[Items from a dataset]
○ ○ ○
lemma perfect_matchings_eq_matchings:
  assumes E: "\<forall>e\<in>E. e \<subseteq> V"
  shows "perfect_matchings (del_verts_V V S) (del_verts_E E S) = matchings E (V - S)"
proof (intro set_eqI iffI)
  fix M assume "M \<in> perfect_matchings (del_verts_V V S) (del_verts_E E S)"
  then have M: "M \<subseteq> {e \<in> E. e \<inter> S = {}}" and cover: "\<forall>x\<in>V - S. \<exists>!e. e \<in> M \<and> x \<in> e"
    unfolding perfect_matchings_def perfect_matching_def del_verts_V_def del_verts_E_def by auto
  have inside: "e \<subseteq> V - S" if "e \<in> M" for e using that M E by blast
  have "pairwise disjnt M"
  proof (rule pairwise_disjntI)
    fix e f x assume exf: "e \<in> M" "f \<in> M" "x \<in> e" "x \<in> f"
    then have "x \<in> V - S" using inside by blast
    then obtain g where "\<forall>h. h \<in> M \<and> x \<in> h \<longrightarrow> h = g" using cover by (meson ex1E)
    then show "e = f" using exf by blast
  qed
  moreover have "\<Union>M = V - S"
  proof
    show "\<Union>M \<subseteq> V - S" using inside by blast
    show "V - S \<subseteq> \<Union>M" using cover by (meson UnionI ex1_implies_ex subsetI)
  qed
  ultimately show "M \<in> matchings E (V - S)" using M unfolding matchings_def by blast
next
  fix M assume "M \<in> matchings E (V - S)"
  then have M: "M \<subseteq> E" "\<Union>M = V - S" "pairwise disjnt M" unfolding matchings_def by auto
  have "\<exists>!e. e \<in> M \<and> x \<in> e" if x: "x \<in> V - S" for x
  proof -
    from x M(2) obtain e where e: "e \<in> M" "x \<in> e" by (metis UnionE)
    show ?thesis
    proof (rule ex1I)
      show "e \<in> M \<and> x \<in> e" using e by simp
      show "f = e" if "f \<in> M \<and> x \<in> f" for f
        using pairwise_disjnt_eq[OF M(3)] e that by blast
    qed
  qed
  moreover have "M \<subseteq> {e \<in> E. e \<inter> S = {}}" using M by blast
  ultimately show "M \<in> perfect_matchings (del_verts_V V S) (del_verts_E E S)"
    unfolding perfect_matchings_def perfect_matching_def del_verts_V_def del_verts_E_def by simp
qed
○ ○ ○
## What the exercise asks
Only the lines from the one holding "M E by blast" through the final line of the entries, both included, should be given again, word for word.

## Solution for this problem
  have inside: "e \<subseteq> V - S" if "e \<in> M" for e using that M E by blast
  have "pairwise disjnt M"
  proof (rule pairwise_disjntI)
    fix e f x assume exf: "e \<in> M" "f \<in> M" "x \<in> e" "x \<in> f"
    then have "x \<in> V - S" using inside by blast
    then obtain g where "\<forall>h. h \<in> M \<and> x \<in> h \<longrightarrow> h = g" using cover by (meson ex1E)
    then show "e = f" using exf by blast
  qed
  moreover have "\<Union>M = V - S"
  proof
    show "\<Union>M \<subseteq> V - S" using inside by blast
    show "V - S \<subseteq> \<Union>M" using cover by (meson UnionI ex1_implies_ex subsetI)
  qed
  ultimately show "M \<in> matchings E (V - S)" using M unfolding matchings_def by blast
next
  fix M assume "M \<in> matchings E (V - S)"
  then have M: "M \<subseteq> E" "\<Union>M = V - S" "pairwise disjnt M" unfolding matchings_def by auto
  have "\<exists>!e. e \<in> M \<and> x \<in> e" if x: "x \<in> V - S" for x
  proof -
    from x M(2) obtain e where e: "e \<in> M" "x \<in> e" by (metis UnionE)
    show ?thesis
    proof (rule ex1I)
      show "e \<in> M \<and> x \<in> e" using e by simp
      show "f = e" if "f \<in> M \<and> x \<in> f" for f
        using pairwise_disjnt_eq[OF M(3)] e that by blast
    qed
  qed
  moreover have "M \<subseteq> {e \<in> E. e \<inter> S = {}}" using M by blast
  ultimately show "M \<in> perfect_matchings (del_verts_V V S) (del_verts_E E S)"
    unfolding perfect_matchings_def perfect_matching_def del_verts_V_def del_verts_E_def by simp
qed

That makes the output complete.